Bill closed his eyes for a moment, feeling the soft dead weight of his wife behind him, feeling the hill somewhere ahead of him, feeling his own heart inside him.

Be brave, be true, stand.

He began to push Silver forward again. 'You want to rock and roll a little, Audra?'

No answer. But that was all right. He was ready.

'Hold on, then.'

He began to pedal. It was hard going at first. Silver wobbled alarmingly back and forth, Audra's weight adding to the imbalance . . . yet she must be doing some balancing, even unconsciously, or they would have crashed right away. Bill stood on the pedals, hands squeezing the handlegrips with maniacal tightness, his head turned skyward, his eyes slits, the cords on his neck standing out.

Go

(no you ain't go for it Bill go for it go for the son of a bitch)

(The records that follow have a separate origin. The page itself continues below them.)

text \<open>n-th derivative of f at x in [0,l] (well defined for smooth f and l > 0).\<close>
definition nderiv :: "real \<Rightarrow> (real \<Rightarrow> real) \<Rightarrow> nat \<Rightarrow> real \<Rightarrow> real" where
  "nderiv l f n x = (SOME D. deriv_seq l f D) n x"

text \<open>Smoothness of a pair (f1,f2) at a valency-2 vertex v, f_i given in the
  parameter t_{e_i} of the outgoing edge e_i (so v corresponds to parameter 0).\<close>
definition smooth_pair :: "nat \<Rightarrow> real \<Rightarrow> (real \<Rightarrow> real) \<Rightarrow> nat \<Rightarrow> real \<Rightarrow> (real \<Rightarrow> real) \<Rightarrow> bool" where
  "smooth_pair w1 l1 f1 w2 l2 f2 \<longleftrightarrow>
     (\<forall>n. real w1 ^ n * nderiv l1 f1 n 0 = (-1) ^ n * real w2 ^ n * nderiv l2 f2 n 0)"

text \<open>A form is encoded by its coefficient functions F e = f_e o t_e on [0, len e]
  for each oriented edge e; canonically F e x = 0 off the edges / off [0, len e].\<close>

type_synonym 'e form = "'e \<Rightarrow> real \<Rightarrow> real"

definition canonical :: "('v, 'e) wmgraph \<Rightarrow> 'e form \<Rightarrow> bool" where
  "canonical G F \<longleftrightarrow> (\<forall>e x. e \<notin> edges G \<or> x \<notin> {0..len G e} \<longrightarrow> F e x = 0)"

definition A00 :: "('v, 'e) wmgraph \<Rightarrow> 'e form \<Rightarrow> bool" where
  "A00 G F \<longleftrightarrow> canonical G F \<and>
     (\<forall>e\<in>edges G. smooth_cl (len G e) (F e)) \<and>
     (\<forall>e\<in>edges G. \<forall>x\<in>{0..len G e}. F (rev G e) x = F e (len G e - x)) \<and>
     (\<forall>e\<in>edges G. \<forall>e'\<in>edges G. tail G e = tail G e' \<longrightarrow> F e 0 = F e' 0) \<and>
     (\<forall>e\<in>edges G. valency G (tail G e) = 1 \<longrightarrow>
        (\<exists>\<delta>>0. \<forall>x\<in>{0..len G e}. x < \<delta> \<longrightarrow> F e x = F e 0)) \<and>
     (\<forall>v\<in>verts G. \<forall>e1 e2. out_edges G v = {e1, e2} \<and> e1 \<noteq> e2 \<longrightarrow>
        smooth_pair (wt G e1) (len G e1) (F e1) (wt G e2) (len G e2) (F e2)) \<and>
     (\<forall>v\<in>verts G. valency G v \<ge> 3 \<longrightarrow>
        (\<Sum>e\<in>out_edges G v. real (wt G e) * nderiv (len G e) (F e) 1 0) = 0)"

text \<open>A^{1,0} (coefficients of d't_e) and A^{0,1} (coefficients of d''t_e)
  are given by the same conditions.\<close>
definition A10 :: "('v, 'e) wmgraph \<Rightarrow> 'e form \<Rightarrow> bool" where
  "A10 G F \<longleftrightarrow> canonical G F \<and>
     (\<forall>e\<in>edges G. smooth_cl (len G e) (F e)) \<and>
     (\<forall>e\<in>edges G. \<forall>x\<in>{0..len G e}. F (rev G e) x = - F e (len G e - x)) \<and>
     (\<forall>e\<in>edges G. valency G (tail G e) = 1 \<longrightarrow>
        (\<exists>\<delta>>0. \<forall>x\<in>{0..len G e}. x < \<delta> \<longrightarrow> F e x = 0)) \<and>
     (\<forall>v\<in>verts G. \<forall>e1 e2. out_edges G v = {e1, e2} \<and> e1 \<noteq> e2 \<longrightarrow>
        smooth_pair (wt G e1) (len G e1) (\<lambda>x. real (wt G e1) * F e1 x)
                    (wt G e2) (len G e2) (\<lambda>x. - real (wt G e2) * F e2 x)) \<and>
     (\<forall>v\<in>verts G. valency G v \<ge> 3 \<longrightarrow>
        (\<Sum>e\<in>out_edges G v. real (wt G e) * F e 0) = 0)"

definition A01 :: "('v, 'e) wmgraph \<Rightarrow> 'e form \<Rightarrow> bool" where
  "A01 G F \<longleftrightarrow> A10 G F"

definition A11 :: "('v, 'e) wmgraph \<Rightarrow> 'e form \<Rightarrow> bool" where
  "A11 G F \<longleftrightarrow> canonical G F \<and>
     (\<forall>e\<in>edges G. smooth_cl (len G e) (F e)) \<and>
     (\<forall>e\<in>edges G. \<forall>x\<in>{0..len G e}. F (rev G e) x = F e (len G e - x)) \<and>
     (\<forall>e\<in>edges G. valency G (tail G e) = 1 \<longrightarrow>
        (\<exists>\<delta>>0. \<forall>x\<in>{0..len G e}. x < \<delta> \<longrightarrow> F e x = 0)) \<and>
     (\<forall>v\<in>verts G. \<forall>e1 e2. out_edges G v = {e1, e2} \<and> e1 \<noteq> e2 \<longrightarrow>
        smooth_pair (wt G e1) (len G e1) (\<lambda>x. real (wt G e1) ^ 2 * F e1 x)
                    (wt G e2) (len G e2) (\<lambda>x. real (wt G e2) ^ 2 * F e2 x))"

definition dbar0 :: "('v, 'e) wmgraph \<Rightarrow> 'e form \<Rightarrow> 'e form" where
  "dbar0 G F = (\<lambda>e x. if e \<in> edges G \<and> x \<in> {0..len G e} then nderiv (len G e) (F e) 1 x else 0)"

definition dbar1 :: "('v, 'e) wmgraph \<Rightarrow> 'e form \<Rightarrow> 'e form" where
  "dbar1 G F = (\<lambda>e x. if e \<in> edges G \<and> x \<in> {0..len G e} then - nderiv (len G e) (F e) 1 x else 0)"

definition integral_graph :: "('v, 'e) wmgraph \<Rightarrow> 'e form \<Rightarrow> real" where
  "integral_graph G F = (1/2) * (\<Sum>e\<in>edges G. real (wt G e) * integral {0..len G e} (F e))"

definition wedge :: "'e form \<Rightarrow> 'e form \<Rightarrow> 'e form" where
  "wedge F H = (\<lambda>e x. F e x * H e x)"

He stood on the pedals, revolving them, feeling every cigarette he'd smoked over the last twenty years in his elevated blood-pressure and the race of his heart. Fuck that, too! he thought, and the rush of crazy exhilaration made him grin.

The playing cards, which had been firing isolated shots, now began to click-clock faster. They were new, nice new Bikes, and they made a good loud sound. Bill felt the first touch of breeze on his bald pate, and his grin widened. I made that breeze, he thought. I made it bypumping these damn pedals.